PROBLEM DETAILS:
Gather all lines from the material that contain "unfolding".

DATA RECORDS:
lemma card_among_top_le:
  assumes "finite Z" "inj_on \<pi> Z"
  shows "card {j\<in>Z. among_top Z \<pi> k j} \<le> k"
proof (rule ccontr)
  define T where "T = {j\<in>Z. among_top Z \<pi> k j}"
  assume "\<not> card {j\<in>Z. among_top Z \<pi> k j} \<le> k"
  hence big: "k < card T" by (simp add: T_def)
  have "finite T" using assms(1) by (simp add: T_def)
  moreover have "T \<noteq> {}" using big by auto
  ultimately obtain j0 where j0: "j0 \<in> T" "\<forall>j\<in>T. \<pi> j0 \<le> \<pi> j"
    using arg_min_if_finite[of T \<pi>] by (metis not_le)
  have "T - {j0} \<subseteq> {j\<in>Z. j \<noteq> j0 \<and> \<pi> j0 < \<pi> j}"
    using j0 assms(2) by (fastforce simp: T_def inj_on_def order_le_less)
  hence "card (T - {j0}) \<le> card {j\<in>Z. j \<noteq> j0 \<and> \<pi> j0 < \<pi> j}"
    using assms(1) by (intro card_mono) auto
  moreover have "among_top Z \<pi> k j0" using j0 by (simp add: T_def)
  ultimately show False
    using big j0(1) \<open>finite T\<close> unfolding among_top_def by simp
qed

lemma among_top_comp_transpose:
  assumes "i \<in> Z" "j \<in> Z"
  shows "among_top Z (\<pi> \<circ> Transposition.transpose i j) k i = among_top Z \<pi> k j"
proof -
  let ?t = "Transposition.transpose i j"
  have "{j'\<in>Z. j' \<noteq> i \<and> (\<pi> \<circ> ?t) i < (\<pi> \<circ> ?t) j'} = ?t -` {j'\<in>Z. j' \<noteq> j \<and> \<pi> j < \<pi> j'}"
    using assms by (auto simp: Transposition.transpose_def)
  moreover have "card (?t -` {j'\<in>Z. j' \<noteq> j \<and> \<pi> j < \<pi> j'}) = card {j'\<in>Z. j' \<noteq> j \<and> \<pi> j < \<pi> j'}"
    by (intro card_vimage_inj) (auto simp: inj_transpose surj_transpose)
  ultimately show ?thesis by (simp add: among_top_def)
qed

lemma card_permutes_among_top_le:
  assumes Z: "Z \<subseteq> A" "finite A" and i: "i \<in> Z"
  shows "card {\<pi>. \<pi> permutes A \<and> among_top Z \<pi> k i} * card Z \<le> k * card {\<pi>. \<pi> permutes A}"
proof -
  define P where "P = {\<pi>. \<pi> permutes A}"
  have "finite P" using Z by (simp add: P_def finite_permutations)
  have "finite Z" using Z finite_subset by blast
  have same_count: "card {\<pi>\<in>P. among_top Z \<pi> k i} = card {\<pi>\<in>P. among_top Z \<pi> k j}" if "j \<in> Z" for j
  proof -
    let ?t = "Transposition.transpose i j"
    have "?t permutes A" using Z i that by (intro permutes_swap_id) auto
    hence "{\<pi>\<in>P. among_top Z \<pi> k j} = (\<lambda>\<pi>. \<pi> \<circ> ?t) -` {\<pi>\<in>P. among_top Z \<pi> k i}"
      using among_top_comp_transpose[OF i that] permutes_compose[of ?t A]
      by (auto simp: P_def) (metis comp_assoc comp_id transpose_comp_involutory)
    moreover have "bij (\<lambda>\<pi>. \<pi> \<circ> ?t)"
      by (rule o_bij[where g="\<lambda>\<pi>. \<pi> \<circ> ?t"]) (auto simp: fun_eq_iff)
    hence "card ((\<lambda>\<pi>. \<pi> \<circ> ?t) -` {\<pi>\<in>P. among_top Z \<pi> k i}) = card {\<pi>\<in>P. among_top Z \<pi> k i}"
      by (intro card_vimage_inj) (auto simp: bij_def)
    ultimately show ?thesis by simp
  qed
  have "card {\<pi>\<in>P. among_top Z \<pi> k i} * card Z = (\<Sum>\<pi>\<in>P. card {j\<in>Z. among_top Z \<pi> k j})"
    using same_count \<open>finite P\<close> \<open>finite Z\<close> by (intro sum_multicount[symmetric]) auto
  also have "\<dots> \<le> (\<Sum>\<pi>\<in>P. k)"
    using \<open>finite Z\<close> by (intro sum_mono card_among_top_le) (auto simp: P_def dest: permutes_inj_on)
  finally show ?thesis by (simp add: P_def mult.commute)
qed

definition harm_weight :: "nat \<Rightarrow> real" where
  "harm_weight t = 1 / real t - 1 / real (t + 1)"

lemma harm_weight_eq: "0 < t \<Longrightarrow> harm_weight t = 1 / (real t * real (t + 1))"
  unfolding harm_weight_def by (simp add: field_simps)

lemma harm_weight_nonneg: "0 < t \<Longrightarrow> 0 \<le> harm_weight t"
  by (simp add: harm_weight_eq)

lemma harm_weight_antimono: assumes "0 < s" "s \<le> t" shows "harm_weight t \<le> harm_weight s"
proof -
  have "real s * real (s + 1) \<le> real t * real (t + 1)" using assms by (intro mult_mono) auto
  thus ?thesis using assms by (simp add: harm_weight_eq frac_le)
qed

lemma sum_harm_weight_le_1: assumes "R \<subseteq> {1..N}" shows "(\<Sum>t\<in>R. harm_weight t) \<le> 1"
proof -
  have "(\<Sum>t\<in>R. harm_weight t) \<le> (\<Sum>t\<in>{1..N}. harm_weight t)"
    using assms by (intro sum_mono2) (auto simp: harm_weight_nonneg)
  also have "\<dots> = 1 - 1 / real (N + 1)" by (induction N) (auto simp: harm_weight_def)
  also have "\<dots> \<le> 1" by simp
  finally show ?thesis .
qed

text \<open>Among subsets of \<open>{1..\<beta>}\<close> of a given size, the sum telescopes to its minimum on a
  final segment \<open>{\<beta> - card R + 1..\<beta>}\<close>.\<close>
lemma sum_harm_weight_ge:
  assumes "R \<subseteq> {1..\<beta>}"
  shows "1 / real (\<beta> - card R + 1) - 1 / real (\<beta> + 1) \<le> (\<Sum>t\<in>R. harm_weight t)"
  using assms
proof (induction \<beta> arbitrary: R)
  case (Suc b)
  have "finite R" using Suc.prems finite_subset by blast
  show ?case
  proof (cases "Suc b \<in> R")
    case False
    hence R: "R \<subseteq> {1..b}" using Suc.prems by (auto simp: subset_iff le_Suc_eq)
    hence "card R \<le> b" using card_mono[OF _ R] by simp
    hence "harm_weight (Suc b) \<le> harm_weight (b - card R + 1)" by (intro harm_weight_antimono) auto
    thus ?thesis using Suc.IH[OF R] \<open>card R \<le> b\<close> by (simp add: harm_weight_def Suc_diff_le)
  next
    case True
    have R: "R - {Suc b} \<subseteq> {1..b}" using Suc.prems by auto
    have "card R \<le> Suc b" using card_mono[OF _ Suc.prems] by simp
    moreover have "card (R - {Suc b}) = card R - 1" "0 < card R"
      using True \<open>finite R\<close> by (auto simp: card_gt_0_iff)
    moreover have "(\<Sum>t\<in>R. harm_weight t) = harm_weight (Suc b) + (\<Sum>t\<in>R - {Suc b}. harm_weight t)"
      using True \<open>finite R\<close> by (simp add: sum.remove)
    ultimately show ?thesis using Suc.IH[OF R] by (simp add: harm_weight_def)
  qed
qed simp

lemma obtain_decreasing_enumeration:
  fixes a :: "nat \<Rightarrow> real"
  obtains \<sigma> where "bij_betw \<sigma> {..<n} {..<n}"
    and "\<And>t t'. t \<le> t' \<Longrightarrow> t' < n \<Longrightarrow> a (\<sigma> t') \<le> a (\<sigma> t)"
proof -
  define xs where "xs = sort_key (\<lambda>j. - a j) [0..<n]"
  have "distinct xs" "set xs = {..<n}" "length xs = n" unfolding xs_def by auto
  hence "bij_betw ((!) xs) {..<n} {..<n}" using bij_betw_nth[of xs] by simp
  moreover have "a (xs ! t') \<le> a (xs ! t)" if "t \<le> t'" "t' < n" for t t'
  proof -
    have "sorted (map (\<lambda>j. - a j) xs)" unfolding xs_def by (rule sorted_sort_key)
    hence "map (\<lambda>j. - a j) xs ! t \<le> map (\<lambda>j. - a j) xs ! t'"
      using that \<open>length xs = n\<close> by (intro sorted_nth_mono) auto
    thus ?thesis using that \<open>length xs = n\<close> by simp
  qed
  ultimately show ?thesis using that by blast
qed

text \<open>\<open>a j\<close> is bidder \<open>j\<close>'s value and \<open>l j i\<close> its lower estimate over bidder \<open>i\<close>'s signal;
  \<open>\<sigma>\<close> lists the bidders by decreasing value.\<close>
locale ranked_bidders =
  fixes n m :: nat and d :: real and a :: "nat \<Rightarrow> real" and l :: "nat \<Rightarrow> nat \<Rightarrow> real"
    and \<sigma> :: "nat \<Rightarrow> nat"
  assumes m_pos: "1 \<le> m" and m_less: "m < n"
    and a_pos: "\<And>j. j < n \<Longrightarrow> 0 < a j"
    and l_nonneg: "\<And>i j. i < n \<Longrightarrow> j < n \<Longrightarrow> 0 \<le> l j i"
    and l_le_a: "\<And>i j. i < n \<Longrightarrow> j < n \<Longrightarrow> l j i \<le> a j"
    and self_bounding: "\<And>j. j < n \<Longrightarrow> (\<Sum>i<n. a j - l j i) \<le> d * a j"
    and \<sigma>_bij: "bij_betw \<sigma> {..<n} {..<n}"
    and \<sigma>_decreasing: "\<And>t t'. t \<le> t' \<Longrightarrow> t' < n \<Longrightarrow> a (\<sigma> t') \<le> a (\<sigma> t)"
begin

RESPONSE AREA:
    using big j0(1) \<open>finite T\<close> unfolding among_top_def by simp
  unfolding harm_weight_def by (simp add: field_simps)
  have "distinct xs" "set xs = {..<n}" "length xs = n" unfolding xs_def by auto
    have "sorted (map (\<lambda>j. - a j) xs)" unfolding xs_def by (rule sorted_sort_key)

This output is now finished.